In this five-article series titled expl(AI)ning, we explore the fundamentals of AI and how it is applied in investment management. The first three articles introduce AI in general: how AI is inspired by biological intelligence, how its combination of architecture and data is surpassing traditional postulated models, and how it can excel at solving data-intensive and complex problems.

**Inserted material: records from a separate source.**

lemma continuous_on_dual_jumpsum:
  assumes "\<And>s'. s' \<in> dual_targets R (C, E, F) \<Longrightarrow> continuous_on S (\<lambda>\<tau>. f \<tau> s')"
  shows "continuous_on S (\<lambda>\<tau>. dual_jumpsum p v R (f \<tau>) (C, E, F))"
  unfolding dual_jumpsum_unfold
  using assms[OF edge_removal_in_dual_targets] assms[OF jump_target_in_dual_targets]
  by (intro continuous_intros) simp_all

section \<open>The first-jump operator\<close>

definition first_jump_op ::
  "real \<Rightarrow> real \<Rightarrow> nat \<Rightarrow> (real \<Rightarrow> 'd::finite dstate \<Rightarrow> real) \<Rightarrow> real \<Rightarrow> 'd dstate \<Rightarrow> real"
  where "first_jump_op p v R f t s =
    integral {0..t} (\<lambda>r. exp (- dual_q p v R s * r) * dual_jumpsum p v R (f (t - r)) s)"

lemma dual_u_Suc_eq: "dual_u p v R g (Suc n) = first_jump_op p v R (dual_u p v R g n)"
  by (intro ext) (simp add: first_jump_op_def)

lemma integrable_first_jump_integrand:
  assumes "0 \<le> t" "\<And>s'. s' \<in> dual_targets R (C, E, F) \<Longrightarrow> continuous_on {0..t} (\<lambda>\<tau>. f \<tau> s')"
  shows "(\<lambda>r. exp (- q * r) * dual_jumpsum p v R (f (t - r)) (C, E, F)) integrable_on {0..t}"
proof -
  have "continuous_on {0..t} (\<lambda>\<tau>. dual_jumpsum p v R (f \<tau>) (C, E, F))"
    by (rule continuous_on_dual_jumpsum[OF assms(2)])
  then have "continuous_on {0..t} (\<lambda>r. dual_jumpsum p v R (f (t - r)) (C, E, F))"
    by (rule continuous_on_compose2) (auto intro!: continuous_intros)
  then show ?thesis
    by (intro integrable_continuous_interval continuous_intros)
qed

lemma continuous_on_first_jump_op:
  assumes "\<And>s' T. s' \<in> dual_targets R (C, E, F) \<Longrightarrow> continuous_on {0..T} (\<lambda>\<tau>. f \<tau> s')"
  shows "continuous_on {0..T} (\<lambda>t. first_jump_op p v R f t (C, E, F))"
proof -
  let ?q = "dual_q p v R (C, E, F)"
  let ?G = "\<lambda>\<tau>. dual_jumpsum p v R (f \<tau>) (C, E, F)"
  have G: "continuous_on {0..T'} ?G" for T'
    by (rule continuous_on_dual_jumpsum[OF assms])
  then have "continuous_on {0..T} (\<lambda>t. integral {0..t} (\<lambda>\<sigma>. exp (?q * \<sigma>) * ?G \<sigma>))"
    by (intro indefinite_integral_continuous_1 integrable_continuous_interval continuous_intros)
  then have "continuous_on {0..T} (\<lambda>t. exp (- ?q * t) * integral {0..t} (\<lambda>\<sigma>. exp (?q * \<sigma>) * ?G \<sigma>))"
    by (intro continuous_intros)
  moreover have "first_jump_op p v R f t (C, E, F)
      = exp (- ?q * t) * integral {0..t} (\<lambda>\<sigma>. exp (?q * \<sigma>) * ?G \<sigma>)" if "t \<in> {0..T}" for t
    unfolding first_jump_op_def using that by (intro integral_exp_convolution G) auto
  ultimately show ?thesis
    by (metis (no_types, lifting) continuous_on_eq)
qed

lemma first_jump_op_cong:
  assumes "\<And>\<tau> s'. \<tau> \<in> {0..t} \<Longrightarrow> s' \<in> dual_targets R (C, E, F) \<Longrightarrow> f \<tau> s' = g \<tau> s'"
  shows "first_jump_op p v R f t (C, E, F) = first_jump_op p v R g t (C, E, F)"
  unfolding first_jump_op_def
  using assms by (intro integral_cong arg_cong2[where f="(*)"] refl dual_jumpsum_cong) auto

lemma first_jump_op_add:
  assumes "0 \<le> t"
    and "\<And>s'. s' \<in> dual_targets R (C, E, F) \<Longrightarrow> continuous_on {0..t} (\<lambda>\<tau>. f \<tau> s')"
    and "\<And>s'. s' \<in> dual_targets R (C, E, F) \<Longrightarrow> continuous_on {0..t} (\<lambda>\<tau>. g \<tau> s')"
  shows "first_jump_op p v R (\<lambda>\<tau> s'. f \<tau> s' + g \<tau> s') t (C, E, F)
       = first_jump_op p v R f t (C, E, F) + first_jump_op p v R g t (C, E, F)"
  unfolding first_jump_op_def dual_jumpsum_add distrib_left
  using assms by (intro integral_add integrable_first_jump_integrand)

lemma first_jump_op_nonneg:
  assumes "0 \<le> p" "p \<le> 1" "0 \<le> v" "0 \<le> t"
    and "\<And>s'. s' \<in> dual_targets R (C, E, F) \<Longrightarrow> continuous_on {0..t} (\<lambda>\<tau>. f \<tau> s')"
    and "\<And>\<tau> s'. \<tau> \<in> {0..t} \<Longrightarrow> s' \<in> dual_targets R (C, E, F) \<Longrightarrow> 0 \<le> f \<tau> s'"
  shows "0 \<le> first_jump_op p v R f t (C, E, F)"
  unfolding first_jump_op_def
  using assms by (intro integral_nonneg integrable_first_jump_integrand mult_nonneg_nonneg dual_jumpsum_nonneg) auto

lemma continuous_on_first_jump_iter:
  assumes "\<And>s T. dual_admissible c0 s \<Longrightarrow> continuous_on {0..T} (\<lambda>t. U t s)"
  shows "dual_admissible c0 s \<Longrightarrow> continuous_on {0..T} (\<lambda>t. (first_jump_op p v R ^^ N) U t s)"
proof (induction N arbitrary: s T)
  case 0
  then show ?case by (simp add: assms)
next
  case (Suc N)
  obtain C E F where "s = (C, E, F)" by (cases s)
  with Suc show ?case
    by (simp add: continuous_on_first_jump_op dual_admissible_dual_targets)
qed

lemma continuous_on_dual_u: "continuous_on {0..T} (\<lambda>t. dual_u p v R g n t s)"
proof (induction n arbitrary: s T)
  case 0
  then show ?case by (simp add: continuous_intros)
next
  case (Suc n)
  obtain C E F where "s = (C, E, F)" by (cases s)
  with Suc show ?case
    unfolding dual_u_Suc_eq by (simp add: continuous_on_first_jump_op)
qed

section \<open>The duality function\<close>

definition Hbound :: "real \<Rightarrow> 'd::finite dstate \<Rightarrow> real" where
  "Hbound p s = (case s of (C, E, F) \<Rightarrow> inverse p ^ card E * inverse (1 - p) ^ card F)"

lemma Hfun_altdef:
  "Hfun p (\<eta>, \<zeta>) (C, E, F) = Hbound p (C, E, F)
     * (\<Prod>x\<in>C. of_bool (\<eta> x)) * (\<Prod>e\<in>E. of_bool (\<zeta> e)) * (\<Prod>e\<in>F. of_bool (\<not> \<zeta> e))"
proof -
  have "(\<Prod>e\<in>F. 1 - (of_bool (\<zeta> e)::real)) = (\<Prod>e\<in>F. of_bool (\<not> \<zeta> e))"
    by (rule prod.cong) auto
  then show ?thesis
    unfolding Hfun_def Hbound_def prod.case
    by (simp only: power_int_minus power_inverse power_int_of_nat)
qed

lemma Hbound_nonneg: "0 < p \<Longrightarrow> p < 1 \<Longrightarrow> 0 \<le> Hbound p s"
  by (cases s) (simp add: Hbound_def)

lemma Hbound_mono:
  assumes "0 < p" "p < 1" "card E' \<le> card E" "card F' \<le> card F"
  shows "Hbound p (C', E', F') \<le> Hbound p (C, E, F)"
  unfolding Hbound_def prod.case using assms
  by (intro mult_mono power_increasing) (auto simp: one_le_inverse)

lemma Hfun_nonneg: "0 < p \<Longrightarrow> p < 1 \<Longrightarrow> 0 \<le> Hfun p \<xi> s"
  by (cases \<xi>; cases s) (auto simp: Hfun_altdef intro!: mult_nonneg_nonneg prod_nonneg Hbound_nonneg)

lemma Hfun_le_Hbound:
  assumes "0 < p" "p < 1"
  shows "Hfun p \<xi> s \<le> Hbound p s"
proof -
  obtain \<eta> \<zeta> C E F where \<xi>: "\<xi> = (\<eta>, \<zeta>)" and s: "s = (C, E, F)" by (cases \<xi>; cases s)
  have "(\<Prod>x\<in>C. (of_bool (\<eta> x)::real)) * (\<Prod>e\<in>E. of_bool (\<zeta> e)) * (\<Prod>e\<in>F. of_bool (\<not> \<zeta> e)) \<le> 1"
    by (intro mult_le_one prod_le_1 prod_nonneg mult_nonneg_nonneg) auto
  from mult_left_mono[OF this Hbound_nonneg[OF assms]] show ?thesis
    by (simp add: \<xi> s Hfun_altdef mult.assoc)
qed

lemma Hfun_remove_open:
  assumes "e \<in> E" "finite E"
  shows "Hfun p (\<eta>, \<zeta>) (C, E, F) = of_bool (\<zeta> e) * inverse p * Hfun p (\<eta>, \<zeta>) (C, E - {e}, F)"
proof -
  have "inverse p ^ card E = inverse p * inverse p ^ card (E - {e})"
    using card_Suc_Diff1[OF assms(2,1)] by (metis power_Suc)
  moreover have "(\<Prod>e\<in>E. of_bool (\<zeta> e) :: real) = of_bool (\<zeta> e) * (\<Prod>e\<in>E - {e}. of_bool (\<zeta> e))"
    using assms by (simp add: prod.remove)
  ultimately show ?thesis
    unfolding Hfun_altdef Hbound_def prod.case by (simp add: algebra_simps)
qed

lemma Hfun_remove_closed:
  assumes "e \<in> F" "finite F"
  shows "Hfun p (\<eta>, \<zeta>) (C, E, F) = of_bool (\<not> \<zeta> e) * inverse (1 - p) * Hfun p (\<eta>, \<zeta>) (C, E, F - {e})"
proof -
  have "inverse (1 - p) ^ card F = inverse (1 - p) * inverse (1 - p) ^ card (F - {e})"
    using card_Suc_Diff1[OF assms(2,1)] by (metis power_Suc)
  moreover have "(\<Prod>e\<in>F. of_bool (\<not> \<zeta> e) :: real) = of_bool (\<not> \<zeta> e) * (\<Prod>e\<in>F - {e}. of_bool (\<not> \<zeta> e))"
    using assms by (simp add: prod.remove)
  ultimately show ?thesis
    unfolding Hfun_altdef Hbound_def prod.case by (simp add: algebra_simps)
qed

lemma Hfun_upd_edge: "e \<notin> E \<Longrightarrow> e \<notin> F \<Longrightarrow> Hfun p (\<eta>, \<zeta>(e := b)) (C, E, F) = Hfun p (\<eta>, \<zeta>) (C, E, F)"
  unfolding Hfun_altdef by (intro arg_cong2[where f="(*)"] prod.cong refl) auto

lemma Hfun_upd_site: "x \<notin> C \<Longrightarrow> Hfun p (\<eta>(x := b), \<zeta>) (C, E, F) = Hfun p (\<eta>, \<zeta>) (C, E, F)"
  unfolding Hfun_altdef by (intro arg_cong2[where f="(*)"] prod.cong refl) auto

In the last two articles, we shift the focus to investment management, explain how AI can enhance decision-making and show how investment decisions made by AI models can be interpreted.
Computation vs. intelligence
Back in the 1940s, computers were impressive at performing arithmetic operations and following instructions to the letter. They could calculate complex equations at unimaginable speeds for humans. However, they had a limitation: computers were rigid. They could only do what they were programmed to do and couldn’t adapt to new situations or process noisy, unpredictable data from the world around them. In short, they were good at computing, but they were not intelligent.
Researchers then set themselves on the task to build computers that could interact with their environment, handle incomplete or messy data, learn from experience, and even work in parallel—much like the human brain. To achieve this, they needed a new kind of computational model that went beyond the traditional Von Neumann architecture, a system where a computer's processing and memory are separated and work sequentially. John von Neumann outlined this architecture in his seminal 1945 paper, “First Draft of a Report on the EDVAC”2, which laid the foundation for modern computing.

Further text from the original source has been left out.